President Ferdinand Marcos ordered Public Works, Transportation and Communications Secretary Antonio Raquiza to assign the bureau's construction team led by Engineer Rogelio Talastas to Buntun Bridge. The team, under Alonzo's general supervision, went to work in full swing in May 1968.

By May 10 the following year, the bridge was practically completed. However, the construction team was transferred to another project, leaving Alonzo to complete the painting of the landmark structure and the construction of the grouted riprap and the road approaches.

First Lady Imelda Marcos opened the bridge to vehicular traffic on June 1, 1969, which took three administrations to build.

==Features==

Buntun Bridge serves as the gateway to the Cagayan's provincial capital, Tuguegarao City and links to the second and third district municipalities of Cagayan and Apayao. The road infrastructure measures 1369 m, (Note: There are inconsistencies regarding the actual length of the bridge. Numerous sources cite 1098 m as the bridge's official length. On the other hand, the 1369 m length was retrieved from the information indicated in the bridge itself.) considered the longest river bridge in the Philippines. It has 14 Japanese steel spans. The bridge offers an unobstructed, picturesque view of the Cagayan River, the widest and longest river in the country.

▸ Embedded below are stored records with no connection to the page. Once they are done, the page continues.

lemma (in prob_space) calibration_affine_integral_diff_le:
  assumes aff: "affine_on_cube g"
    and lip: "\<forall>y1\<in>cube. \<forall>y2\<in>cube. \<bar>g y1 - g y2\<bar> \<le> L * linf (y1 - y2)"
    and Y: "Y \<in> borel_measurable M" "\<forall>\<omega>\<in>space M. Y \<omega> \<in> cube"
    and Z: "Z \<in> borel_measurable M" "\<forall>\<omega>\<in>space M. Z \<omega> \<in> cube"
    and B: "B \<in> borel_measurable M" "\<forall>\<omega>\<in>space M. \<bar>B \<omega>\<bar> \<le> 1"
    and calib: "\<forall>j. \<bar>\<integral>\<omega>. (Y \<omega> $ j - Z \<omega> $ j) * B \<omega> \<partial>M\<bar> \<le> \<epsilon>"
  shows "\<bar>(\<integral>\<omega>. g (Y \<omega>) * B \<omega> \<partial>M) - (\<integral>\<omega>. g (Z \<omega>) * B \<omega> \<partial>M)\<bar> \<le> L * \<epsilon>"
proof -
  obtain c w where gw: "\<forall>y\<in>cube. g y = c + w \<bullet> y"
    using aff unfolding affine_on_cube_def by blast
  define I where "I j = (\<integral>\<omega>. (Y \<omega> $ j - Z \<omega> $ j) * B \<omega> \<partial>M)" for j
  have "(\<integral>\<omega>. g (Y \<omega>) * B \<omega> \<partial>M) - (\<integral>\<omega>. g (Z \<omega>) * B \<omega> \<partial>M)
      = (\<integral>\<omega>. (g (Y \<omega>) - g (Z \<omega>)) * B \<omega> \<partial>M)"
    using integrable_affine_on_cube_mult[OF aff Y B] integrable_affine_on_cube_mult[OF aff Z B]
    by (simp add: left_diff_distrib)
  also have "\<dots> = (\<integral>\<omega>. (\<Sum>j\<in>UNIV. w $ j * ((Y \<omega> $ j - Z \<omega> $ j) * B \<omega>)) \<partial>M)"
  proof (rule Bochner_Integration.integral_cong[OF refl])
    fix \<omega> assume "\<omega> \<in> space M"
    then have "g (Y \<omega>) - g (Z \<omega>) = w \<bullet> (Y \<omega> - Z \<omega>)"
      using gw Y(2) Z(2) by (simp add: inner_diff_right)
    then show "(g (Y \<omega>) - g (Z \<omega>)) * B \<omega> = (\<Sum>j\<in>UNIV. w $ j * ((Y \<omega> $ j - Z \<omega> $ j) * B \<omega>))"
      by (simp add: inner_vec_def sum_distrib_right mult.assoc)
  qed
  also have "\<dots> = (\<Sum>j\<in>UNIV. w $ j * I j)"
    using integrable_cube_diff_mult[OF Y Z B] by (simp add: I_def)
  finally have diff: "(\<integral>\<omega>. g (Y \<omega>) * B \<omega> \<partial>M) - (\<integral>\<omega>. g (Z \<omega>) * B \<omega> \<partial>M)
      = (\<Sum>j\<in>UNIV. w $ j * I j)" .
  have "0 \<le> \<epsilon>"
    using calib abs_ge_zero order_trans by metis
  have "\<bar>\<Sum>j\<in>UNIV. w $ j * I j\<bar> \<le> (\<Sum>j\<in>UNIV. \<bar>w $ j\<bar> * \<epsilon>)"
    using calib unfolding I_def
    by (intro order_trans[OF sum_abs sum_mono]) (simp add: abs_mult mult_left_mono)
  also have "\<dots> \<le> L * \<epsilon>"
    using affine_on_cube_sum_abs_le[OF gw lip] \<open>0 \<le> \<epsilon>\<close>
    by (simp add: sum_distrib_right[symmetric] mult_right_mono)
  finally show ?thesis
    unfolding diff .
qed

lemma (in prob_space) decision_calibrated_swap_regret_le:
  fixes u u' :: "'act::{finite,linorder} \<Rightarrow> real^'d \<Rightarrow> real" and \<phi> :: "'act \<Rightarrow> 'act"
  assumes Y: "Y \<in> borel_measurable M" "\<forall>\<omega>\<in>space M. Y \<omega> \<in> cube"
    and Z: "Z \<in> borel_measurable M" "\<forall>\<omega>\<in>space M. Z \<omega> \<in> cube"
    and u_aff: "\<forall>a. affine_on_cube (u a)"
    and u_lip: "\<forall>a. \<forall>y1\<in>cube. \<forall>y2\<in>cube. \<bar>u a y1 - u a y2\<bar> \<le> L * linf (y1 - y2)"
    and u'_aff: "\<forall>a. affine_on_cube (u' a)"
    and calib: "\<forall>j a. \<bar>\<integral>\<omega>. (Y \<omega> $ j - Z \<omega> $ j) * br_ind u (Z \<omega>) a \<partial>M\<bar> \<le> \<epsilon>"
    and calib': "\<forall>j a. \<bar>\<integral>\<omega>. (Y \<omega> $ j - Z \<omega> $ j) * br_ind u' (Z \<omega>) a \<partial>M\<bar> \<le> \<epsilon>"
  shows "(\<integral>\<omega>. (\<Sum>a\<in>UNIV. u (\<phi> a) (Y \<omega>) * br_ind u' (Z \<omega>) a) \<partial>M)
    \<le> (\<integral>\<omega>. (\<Sum>a\<in>UNIV. u a (Y \<omega>) * br_ind u (Z \<omega>) a) \<partial>M) + 2 * L * real CARD('act) * \<epsilon>"
proof -
  have br: "(\<lambda>\<omega>. br_ind w (Z \<omega>) a) \<in> borel_measurable M" "\<forall>\<omega>\<in>space M. \<bar>br_ind w (Z \<omega>) a\<bar> \<le> 1"
    if "\<forall>a. affine_on_cube (w a)" for w :: "'act \<Rightarrow> real^'d \<Rightarrow> real" and a
    using br_ind_affine_measurable[OF that Z] abs_br_ind_le by auto
  have int: "integrable M (\<lambda>\<omega>. u b (X \<omega>) * br_ind w (Z \<omega>) a)"
    if "X \<in> borel_measurable M" "\<forall>\<omega>\<in>space M. X \<omega> \<in> cube" "\<forall>a. affine_on_cube (w a)"
    for X and w :: "'act \<Rightarrow> real^'d \<Rightarrow> real" and a b
    using integrable_affine_on_cube_mult[OF _ that(1,2) br[OF that(3)]] u_aff by blast
  have swap: "(\<integral>\<omega>. u b (Y \<omega>) * br_ind w (Z \<omega>) a \<partial>M) \<le> (\<integral>\<omega>. u b (Z \<omega>) * br_ind w (Z \<omega>) a \<partial>M) + L * \<epsilon>"
      "(\<integral>\<omega>. u b (Z \<omega>) * br_ind w (Z \<omega>) a \<partial>M) \<le> (\<integral>\<omega>. u b (Y \<omega>) * br_ind w (Z \<omega>) a \<partial>M) + L * \<epsilon>"
    if "\<forall>a. affine_on_cube (w a)"
      and "\<forall>j a. \<bar>\<integral>\<omega>. (Y \<omega> $ j - Z \<omega> $ j) * br_ind w (Z \<omega>) a \<partial>M\<bar> \<le> \<epsilon>"
    for w :: "'act \<Rightarrow> real^'d \<Rightarrow> real" and a b
  proof -
    have "\<bar>(\<integral>\<omega>. u b (Y \<omega>) * br_ind w (Z \<omega>) a \<partial>M) - (\<integral>\<omega>. u b (Z \<omega>) * br_ind w (Z \<omega>) a \<partial>M)\<bar> \<le> L * \<epsilon>"
      using u_aff u_lip that(2) by (intro calibration_affine_integral_diff_le[OF _ _ Y Z br[OF that(1)]]) auto
    then show "(\<integral>\<omega>. u b (Y \<omega>) * br_ind w (Z \<omega>) a \<partial>M) \<le> (\<integral>\<omega>. u b (Z \<omega>) * br_ind w (Z \<omega>) a \<partial>M) + L * \<epsilon>"
      "(\<integral>\<omega>. u b (Z \<omega>) * br_ind w (Z \<omega>) a \<partial>M) \<le> (\<integral>\<omega>. u b (Y \<omega>) * br_ind w (Z \<omega>) a \<partial>M) + L * \<epsilon>"
      by (simp_all add: abs_le_iff)
  qed
  have "(\<integral>\<omega>. (\<Sum>a\<in>UNIV. u (\<phi> a) (Y \<omega>) * br_ind u' (Z \<omega>) a) \<partial>M)
      \<le> (\<integral>\<omega>. (\<Sum>a\<in>UNIV. u (\<phi> a) (Z \<omega>) * br_ind u' (Z \<omega>) a) \<partial>M) + real CARD('act) * (L * \<epsilon>)"
    by (intro integral_sum_le_add_card) (simp_all add: swap int Y Z u'_aff calib')
  also have "\<dots> \<le> (\<integral>\<omega>. (\<Sum>a\<in>UNIV. u a (Z \<omega>) * br_ind u (Z \<omega>) a) \<partial>M) + real CARD('act) * (L * \<epsilon>)"
  proof (intro add_right_mono integral_mono)
    show "(\<Sum>a\<in>UNIV. u (\<phi> a) (Z \<omega>) * br_ind u' (Z \<omega>) a) \<le> (\<Sum>a\<in>UNIV. u a (Z \<omega>) * br_ind u (Z \<omega>) a)"
      for \<omega>
      unfolding sum_mult_br_ind by (rule best_resp_maximal)
  qed (simp_all add: int Z u_aff u'_aff)
  also have "\<dots> \<le> (\<integral>\<omega>. (\<Sum>a\<in>UNIV. u a (Y \<omega>) * br_ind u (Z \<omega>) a) \<partial>M)
      + real CARD('act) * (L * \<epsilon>) + real CARD('act) * (L * \<epsilon>)"
    by (intro add_right_mono integral_sum_le_add_card) (simp_all add: swap int Y Z u_aff calib)
  finally show ?thesis
    by (simp add: algebra_simps)
qed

The bridge is also utilized as a monitoring point for water levels along the Cagayan River, particularly during floods.

==Issues==
Due to its location on a major thoroughfare linking Tuguegarao and Solana, the bridge has become a major chokepoint for traffic between the two localities, prompting the construction of additional bridges along the Cagayan River.

In November 2025, the bridge was closed to traffic during the onslaught of Typhoon Fung-wong (2025) (Uwan) after water levels beneath the bridge reached 12 m.